Decisions on the split between electrification and the development of a new hydrogen economy are going to be taken and co-ordinated centrally. If you think Chris Grayling and Department for Transport can’t run a railway, just wait until we have Greg Clark and his mammoth department trying to get the shiny, new hydrogen economy up and running.

The committee suggests tearing up British and EU competition rules to encourage cartelisation of heavy industry so firms can pass on higher energy costs to consumers. Another of the committee’s brilliant ideas is carbon tariffs. Quite how any of this would be legal under any Brexit variant short of no deal, the report doesn’t say.

The committee envisages little room for Britain’s manufacturers in a net-zero economy. Economies in the rest of the world are expected to grow faster whereas the development of the UK economy is based more on the service sector, making it easier to get to net zero. It is evident that the path to net zero is by de-industrialising.

The report notes that since the Climate Change Act 2008 came into law, the UK’s emissions have fallen and the economy still grew. But the UK’s consumption emissions, including those emitted in other countries making goods imported and consumed in the UK, are much higher and have fallen more slowly. And boasting that the British economy has still grown is a weak claim.

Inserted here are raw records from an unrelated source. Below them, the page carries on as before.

(* $h:=\int_{\Sigma\times\mathbb{R}\times[0,1)}g(\mathbf{j},y,x)\,d\mu(\mathbf{j},y,x)<\infty$.
   Context: $b\ge2$ integer, $\gamma\in(0,1)$, $\phi$ a $\mathbb{Z}$-periodic Lipschitz function. $\Lambda=\{0,\dots,b-1\}$, $\Sigma=\Lambda^{\mathbb{Z}_+}$, $\nu$ uniform on $\Lambda$. $S(x,\mathbf{j})=\sum_{n\ge1}\gamma^{n-1}\phi\big(\frac{x+j_1+j_2b+\cdots+j_nb^{n-1}}{b^n}\big)$. $\mu$ is the image of $\nu^{\mathbb{Z}_+}\times$Lebesgue (on $[0,1)$) under $\Pi(\mathbf{j},x)=(\mathbf{j},S(x,\mathbf{j}),x)$, a probability on $\Sigma\times\mathbb{R}\times[0,1)$. Let $\{\mu_{(\mathbf{j},y,x)}\}$ be the (Rokhlin) system of conditional measures of $\mu$ with respect to the measurable partition $\zeta=\{\Sigma\times\{y\}\times\{x\}:y\in\mathbb{R},x\in[0,1)\}$. Define $g(\mathbf{j},y,x)=-\log\mu_{(\mathbf{j},y,x)}\big([j_1]\times\mathbb{R}\times[0,1)\big)$, where $[j_1]$ is the cylinder of sequences with first symbol $j_1$. *)

theory Defs
  imports "HOL-Probability.Probability"
begin

text \<open>A sequence (j_1, j_2, ...) is represented
  by j :: nat => nat with j_n = j (n - 1), i.e. j 0 is the first symbol j_1.\<close>
definition Sigma_meas :: "nat \<Rightarrow> (nat \<Rightarrow> nat) measure" where
  "Sigma_meas b = (\<Pi>\<^sub>M i\<in>(UNIV::nat set). uniform_count_measure {..<b})"

text \<open>S(x,j) = sum_{n>=1} gamma^(n-1) phi((x + j_1 + j_2 b + ... + j_n b^(n-1)) / b^n),
  written with 0-based indices.\<close>
definition S_fun :: "nat \<Rightarrow> real \<Rightarrow> (real \<Rightarrow> real) \<Rightarrow> real \<Rightarrow> (nat \<Rightarrow> nat) \<Rightarrow> real" where
  "S_fun b \<gamma> \<phi> x j =
     (\<Sum>n. \<gamma> ^ n * \<phi> ((x + (\<Sum>k<Suc n. real (j k) * real b ^ k)) / real b ^ Suc n))"

definition base_meas :: "nat \<Rightarrow> ((nat \<Rightarrow> nat) \<times> real) measure" where
  "base_meas b = Sigma_meas b \<Otimes>\<^sub>M restrict_space lborel {0..<1::real}"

As everyone but the Climate Change Committee realises, since 2008, the UK has been experiencing a prolonged productivity drought and UK productivity growth has been the worst since the Industrial Revolution. Basic economic logic suggests that if massive government interventions force business to replace efficient, cheaper means of producing energy with less efficient, more expensive ones, the cost of energy goes up and productivity goes down.

Singularly lacking in the 277-page report is anything approaching a rigorous cost-benefit analysis. Its estimates of the costs of moving from an 80 per cent to 100 per cent target are little more than hand waving. Lord Deben in his foreword and the committee in the main body of the report falsely claim that the costs of net zero are within very same cost envelope that had been accepted as the likely costs by Parliament in 2008 “when it legislated the present 2050 target”.

This is sloppiness in the extreme. One thing one might expect the CCC to be an expert on is the genesis of the legislation under which it operates. As the climate change bill was going through Parliament, the 2050 target was raised from 50 per cent to 80 per cent, but the regulatory impact assessment, which set out the expected costs of adopting the revised 80 per cent target, was only signed off by Ed Miliband, the then energy and climate change secretary, on March 9 2009 after the legislation had been passed.

That March 2009 assessment gave a range of £324-404bn for the capitalised costs of meeting the 80 per cent target but warned that these figures did not include the full range of costs, in particular the short-term transition costs. Overall costs could be higher than those estimated by the long-term modelling, the 2009 assessment says, a warning the climate change committee chose to omit.

On the putative benefits side of the ledger, the 2009 assessment gave a stark warning of the consequences if the UK take a lead but the rest of the world didn’t follow:

“Where the UK acts alone, though there would be a net benefit for the world as a whole the UK would bear all the cost of the action and would not experience any benefit from reciprocal reductions elsewhere. The economic case for the UK continuing to act alone where global action cannot be achieved would be weak.”

By contrast, last week’s net zero report replaces rigour with waffle. Set against the costs, there will be “significant benefits”, leading off with the alleged benefits to human health. “People can take action immediately to improve their diet and increase the amount of walking and cycling they do,” the committee says. You don’t need to spend the best part of half a trillion pounds for people to take more exercise or change what they eat.